### Saved entries
↓↓↓

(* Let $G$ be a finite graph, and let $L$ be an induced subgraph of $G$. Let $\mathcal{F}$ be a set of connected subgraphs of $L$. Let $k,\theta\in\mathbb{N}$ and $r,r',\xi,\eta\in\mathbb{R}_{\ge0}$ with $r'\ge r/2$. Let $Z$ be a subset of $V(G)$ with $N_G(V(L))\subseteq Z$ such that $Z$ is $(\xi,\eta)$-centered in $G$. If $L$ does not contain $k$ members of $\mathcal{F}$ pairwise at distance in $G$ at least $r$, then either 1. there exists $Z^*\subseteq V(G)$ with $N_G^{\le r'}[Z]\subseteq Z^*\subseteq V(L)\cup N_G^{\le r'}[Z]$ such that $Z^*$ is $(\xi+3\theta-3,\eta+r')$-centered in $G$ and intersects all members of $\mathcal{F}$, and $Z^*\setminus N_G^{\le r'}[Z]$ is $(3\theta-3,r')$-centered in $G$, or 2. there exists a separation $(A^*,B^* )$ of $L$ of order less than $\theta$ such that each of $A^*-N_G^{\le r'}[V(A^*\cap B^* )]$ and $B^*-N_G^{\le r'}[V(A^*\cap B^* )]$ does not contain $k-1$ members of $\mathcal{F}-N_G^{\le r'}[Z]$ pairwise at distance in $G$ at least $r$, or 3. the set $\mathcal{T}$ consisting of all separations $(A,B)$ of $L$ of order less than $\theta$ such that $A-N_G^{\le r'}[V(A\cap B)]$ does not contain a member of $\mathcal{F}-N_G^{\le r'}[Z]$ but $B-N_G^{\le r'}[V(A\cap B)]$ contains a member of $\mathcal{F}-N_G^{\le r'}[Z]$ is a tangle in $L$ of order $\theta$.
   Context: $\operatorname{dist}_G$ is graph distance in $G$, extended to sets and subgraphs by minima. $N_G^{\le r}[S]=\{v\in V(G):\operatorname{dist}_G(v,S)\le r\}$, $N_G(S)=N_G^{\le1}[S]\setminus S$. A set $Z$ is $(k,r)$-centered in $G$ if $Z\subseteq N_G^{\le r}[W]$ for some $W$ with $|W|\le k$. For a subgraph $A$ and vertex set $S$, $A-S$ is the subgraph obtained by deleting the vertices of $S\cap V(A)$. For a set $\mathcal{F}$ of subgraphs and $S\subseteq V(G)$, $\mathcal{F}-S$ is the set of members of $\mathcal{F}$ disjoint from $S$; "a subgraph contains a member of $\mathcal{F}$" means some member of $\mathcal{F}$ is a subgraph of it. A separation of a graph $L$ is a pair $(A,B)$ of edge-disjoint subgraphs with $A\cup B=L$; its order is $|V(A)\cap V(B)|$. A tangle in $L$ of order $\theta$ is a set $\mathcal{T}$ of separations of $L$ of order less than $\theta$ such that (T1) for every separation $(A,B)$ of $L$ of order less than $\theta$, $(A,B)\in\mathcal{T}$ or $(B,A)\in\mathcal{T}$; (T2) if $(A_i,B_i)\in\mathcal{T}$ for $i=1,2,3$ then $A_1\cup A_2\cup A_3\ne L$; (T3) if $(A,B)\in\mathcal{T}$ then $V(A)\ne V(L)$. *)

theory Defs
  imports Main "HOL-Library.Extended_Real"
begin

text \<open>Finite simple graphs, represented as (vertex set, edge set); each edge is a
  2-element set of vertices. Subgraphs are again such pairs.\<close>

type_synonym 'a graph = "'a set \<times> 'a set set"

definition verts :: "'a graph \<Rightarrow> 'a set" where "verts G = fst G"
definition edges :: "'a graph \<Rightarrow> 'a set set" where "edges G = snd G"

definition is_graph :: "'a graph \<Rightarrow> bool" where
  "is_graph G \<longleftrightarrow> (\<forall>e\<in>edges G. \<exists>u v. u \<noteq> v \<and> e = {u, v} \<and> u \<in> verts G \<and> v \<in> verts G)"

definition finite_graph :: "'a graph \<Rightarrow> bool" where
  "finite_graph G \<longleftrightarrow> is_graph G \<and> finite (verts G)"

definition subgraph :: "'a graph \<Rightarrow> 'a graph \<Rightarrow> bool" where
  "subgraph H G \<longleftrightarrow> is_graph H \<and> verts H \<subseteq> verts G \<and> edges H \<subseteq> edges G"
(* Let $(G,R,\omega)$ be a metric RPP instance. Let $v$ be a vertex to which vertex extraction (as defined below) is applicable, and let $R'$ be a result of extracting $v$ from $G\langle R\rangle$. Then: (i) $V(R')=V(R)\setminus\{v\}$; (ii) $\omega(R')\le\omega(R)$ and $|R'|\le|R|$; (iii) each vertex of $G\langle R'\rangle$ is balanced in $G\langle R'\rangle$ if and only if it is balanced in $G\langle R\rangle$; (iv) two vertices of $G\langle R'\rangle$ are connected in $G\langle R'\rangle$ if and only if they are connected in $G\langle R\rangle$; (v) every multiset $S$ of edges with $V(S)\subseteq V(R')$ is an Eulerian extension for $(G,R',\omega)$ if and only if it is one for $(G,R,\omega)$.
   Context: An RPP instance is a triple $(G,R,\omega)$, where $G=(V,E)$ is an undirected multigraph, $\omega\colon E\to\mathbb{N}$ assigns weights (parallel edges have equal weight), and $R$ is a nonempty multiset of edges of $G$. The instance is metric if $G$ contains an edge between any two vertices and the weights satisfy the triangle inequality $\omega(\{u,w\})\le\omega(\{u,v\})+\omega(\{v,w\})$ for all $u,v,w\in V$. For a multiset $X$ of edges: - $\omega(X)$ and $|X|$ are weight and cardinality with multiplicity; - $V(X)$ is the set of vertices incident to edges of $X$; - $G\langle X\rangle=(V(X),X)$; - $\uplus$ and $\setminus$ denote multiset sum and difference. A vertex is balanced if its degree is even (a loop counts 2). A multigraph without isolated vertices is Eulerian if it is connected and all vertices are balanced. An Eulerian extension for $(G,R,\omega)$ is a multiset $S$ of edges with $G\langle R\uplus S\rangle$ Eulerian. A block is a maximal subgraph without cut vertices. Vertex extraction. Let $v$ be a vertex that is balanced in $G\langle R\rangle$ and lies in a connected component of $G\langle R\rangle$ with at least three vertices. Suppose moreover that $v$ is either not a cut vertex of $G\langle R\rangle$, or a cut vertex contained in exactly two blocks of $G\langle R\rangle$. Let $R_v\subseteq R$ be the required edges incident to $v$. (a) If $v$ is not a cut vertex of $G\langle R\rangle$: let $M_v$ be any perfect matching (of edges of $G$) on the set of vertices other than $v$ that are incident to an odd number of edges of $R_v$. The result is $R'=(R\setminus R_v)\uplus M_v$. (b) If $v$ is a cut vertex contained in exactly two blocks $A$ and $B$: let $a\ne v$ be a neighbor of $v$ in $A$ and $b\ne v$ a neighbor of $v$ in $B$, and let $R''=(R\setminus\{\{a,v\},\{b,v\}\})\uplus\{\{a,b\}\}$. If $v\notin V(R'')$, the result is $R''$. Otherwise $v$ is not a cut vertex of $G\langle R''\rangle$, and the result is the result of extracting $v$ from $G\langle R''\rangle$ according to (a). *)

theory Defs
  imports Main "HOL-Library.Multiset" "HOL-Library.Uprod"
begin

↑↑↑

### DESCRIPTION OF THE TASK
Every line holding the string "each" should be copied here, so please find those lines in the data.

### OUTPUT
(* Let $G$ be a finite graph, and let $L$ be an induced subgraph of $G$. Let $\mathcal{F}$ be a set of connected subgraphs of $L$. Let $k,\theta\in\mathbb{N}$ and $r,r',\xi,\eta\in\mathbb{R}_{\ge0}$ with $r'\ge r/2$. Let $Z$ be a subset of $V(G)$ with $N_G(V(L))\subseteq Z$ such that $Z$ is $(\xi,\eta)$-centered in $G$. If $L$ does not contain $k$ members of $\mathcal{F}$ pairwise at distance in $G$ at least $r$, then either 1. there exists $Z^*\subseteq V(G)$ with $N_G^{\le r'}[Z]\subseteq Z^*\subseteq V(L)\cup N_G^{\le r'}[Z]$ such that $Z^*$ is $(\xi+3\theta-3,\eta+r')$-centered in $G$ and intersects all members of $\mathcal{F}$, and $Z^*\setminus N_G^{\le r'}[Z]$ is $(3\theta-3,r')$-centered in $G$, or 2. there exists a separation $(A^*,B^* )$ of $L$ of order less than $\theta$ such that each of $A^*-N_G^{\le r'}[V(A^*\cap B^* )]$ and $B^*-N_G^{\le r'}[V(A^*\cap B^* )]$ does not contain $k-1$ members of $\mathcal{F}-N_G^{\le r'}[Z]$ pairwise at distance in $G$ at least $r$, or 3. the set $\mathcal{T}$ consisting of all separations $(A,B)$ of $L$ of order less than $\theta$ such that $A-N_G^{\le r'}[V(A\cap B)]$ does not contain a member of $\mathcal{F}-N_G^{\le r'}[Z]$ but $B-N_G^{\le r'}[V(A\cap B)]$ contains a member of $\mathcal{F}-N_G^{\le r'}[Z]$ is a tangle in $L$ of order $\theta$.
text \<open>Finite simple graphs, represented as (vertex set, edge set); each edge is a
(* Let $(G,R,\omega)$ be a metric RPP instance. Let $v$ be a vertex to which vertex extraction (as defined below) is applicable, and let $R'$ be a result of extracting $v$ from $G\langle R\rangle$. Then: (i) $V(R')=V(R)\setminus\{v\}$; (ii) $\omega(R')\le\omega(R)$ and $|R'|\le|R|$; (iii) each vertex of $G\langle R'\rangle$ is balanced in $G\langle R'\rangle$ if and only if it is balanced in $G\langle R\rangle$; (iv) two vertices of $G\langle R'\rangle$ are connected in $G\langle R'\rangle$ if and only if they are connected in $G\langle R\rangle$; (v) every multiset $S$ of edges with $V(S)\subseteq V(R')$ is an Eulerian extension for $(G,R',\omega)$ if and only if it is one for $(G,R,\omega)$.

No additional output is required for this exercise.